### Data for the task

(* Let $a=a_1\cdots a_n$ be a signed permutation on $[n]$. Let $b=b_0b_1\cdots b_{2n+1}$ be the sequence on $\{-(n+1),\ldots,-1,0,1,\ldots,n\}$ given by $b_0=0$, $b_{2i-1}=-a_i$, $b_{2i}=a_i$ for $1\le i\le n$, and $b_{2n+1}=-(n+1)$. Let $\theta_1=(b_0,b_1)(b_2,b_3)\cdots(b_{2n},b_{2n+1})$ and $\theta_2=(0,-1)(1,-2)\cdots(n,-n-1)$, permutations of $\{-(n+1),\ldots,n\}$. Then $$d_r(a)\ \ge\ \frac{2n+2-C(\theta_1\theta_2)}{2}.$$
   Context: Permutations are multiplied as composition of maps, $(\sigma\tau)(x)=\sigma(\tau(x))$; $C(\pi)$ is the number of cycles of $\pi$, fixed points included. A signed permutation on $[n]$ is a sequence $a_1\cdots a_n$ with $a_k\in\{\pm1,\ldots,\pm n\}$ such that $|a_1|,\ldots,|a_n|$ is a permutation of $[n]$. A reversal $\varrho_{i,j}$ ($1\le i\le j\le n$) changes $a$ into $a_1\cdots a_{i-1}(-a_j)(-a_{j-1})\cdots(-a_i)a_{j+1}\cdots a_n$. The reversal distance $d_r(a)$ is the minimum number of reversals needed to transform $a$ into $12\cdots n$. *)

theory Defs
  imports Complex_Main "HOL-Combinatorics.Transposition"
begin

text \<open>Signed permutation a = a_1 ... a_n, represented as a list of integers of length n
  (a_k = a ! (k-1)).\<close>
definition signed_perm :: "nat \<Rightarrow> int list \<Rightarrow> bool" where
  "signed_perm n a \<longleftrightarrow> length a = n \<and> set (map abs a) = {1..int n}"

text \<open>Reversal rho_{i,j} (1-indexed, 1 <= i <= j <= n).\<close>
definition reversal :: "nat \<Rightarrow> nat \<Rightarrow> int list \<Rightarrow> int list" where
  "reversal i j a = take (i - 1) a @ map uminus (rev (take (j - i + 1) (drop (i - 1) a))) @ drop j a"

definition valid_reversal :: "nat \<Rightarrow> nat \<times> nat \<Rightarrow> bool" where
  "valid_reversal n r \<longleftrightarrow> 1 \<le> fst r \<and> fst r \<le> snd r \<and> snd r \<le> n"

definition apply_reversals :: "int list \<Rightarrow> (nat \<times> nat) list \<Rightarrow> int list" where
  "apply_reversals a rs = foldl (\<lambda>x r. reversal (fst r) (snd r) x) a rs"

definition identity_sp :: "nat \<Rightarrow> int list" where
  "identity_sp n = map int [1..<n+1]"

definition reversal_distance :: "int list \<Rightarrow> nat" where
  "reversal_distance a = (LEAST k. \<exists>rs. length rs = k \<and> (\<forall>r\<in>set rs. valid_reversal (length a) r)
       \<and> apply_reversals a rs = identity_sp (length a))"

definition num_cycles :: "'a set \<Rightarrow> ('a \<Rightarrow> 'a) \<Rightarrow> nat" where
  "num_cycles S f = card {{y. \<exists>k. (f ^^ k) x = y} | x. x \<in> S}"

definition bseq :: "int list \<Rightarrow> nat \<Rightarrow> int" where
  "bseq a m = (let n = length a in
     if m = 0 then 0
     else if m = 2 * n + 1 then - (int n + 1)
     else if odd m then - (a ! ((m + 1) div 2 - 1))
     else a ! (m div 2 - 1))"

definition theta1 :: "int list \<Rightarrow> int \<Rightarrow> int" where
  "theta1 a = foldr (\<lambda>k f. transpose (bseq a (2 * k)) (bseq a (2 * k + 1)) \<circ> f) [0..<length a + 1] id"

definition theta2 :: "nat \<Rightarrow> int \<Rightarrow> int" where
  "theta2 n = foldr (\<lambda>k f. transpose (int k) (- int k - 1) \<circ> f) [0..<n + 1] id"

end

(*
  Write theta for theta1 a \<circ> theta2 n.  A reversal rho_{i,j} acts on b by reversing the segment
  b_{2i-1} ... b_{2j} (each a_k occurs in b together with -a_k, so the signs take care of
  themselves).  Hence it replaces the two pairs {b_{2i-2}, b_{2i-1}} and {b_{2j}, b_{2j+1}} of
  theta1 by {b_{2i-2}, b_{2j+1}} and {b_{2i-1}, b_{2j}}, i.e. theta1 gets multiplied on the
  left by two transpositions.  Multiplying a permutation by a transposition changes its number
  of cycles by at most one, so one reversal increases C(theta) by at most 2.  For the identity
  signed permutation theta1 = theta2, an involution, so theta = id has 2n+2 cycles.  Hence
  2n+2 <= C(theta) + 2 d_r(a).
*)

theory Submission
  imports Defs "HOL-Combinatorics.Orbits"
begin

section \<open>Cycles and transpositions\<close>

lemma num_cycles_eq_card_orbits:
  assumes "f permutes S" "finite S"
  shows "num_cycles S f = card (orbit f ` S)"
proof -
  have perm: "permutation f" using assms permutation_permutes by blast
  have "{{y. \<exists>k. (f ^^ k) x = y} | x. x \<in> S} = orbit f ` S"
    using orbit_altdef_permutation[OF perm] by auto
  then show ?thesis unfolding num_cycles_def by simp
qed

lemma num_cycles_id: "num_cycles S id = card S"
proof -
  have "{{y. \<exists>k. (id ^^ k) x = y} | x. x \<in> S} = (\<lambda>x. {x}) ` S" by auto
  then show ?thesis unfolding num_cycles_def by (simp add: card_image)
qed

######

• Task to complete
Every line above with the word "unfolding" is to be copied out.

• Exercise solution
  then show ?thesis unfolding num_cycles_def by simp
  then show ?thesis unfolding num_cycles_def by (simp add: card_image)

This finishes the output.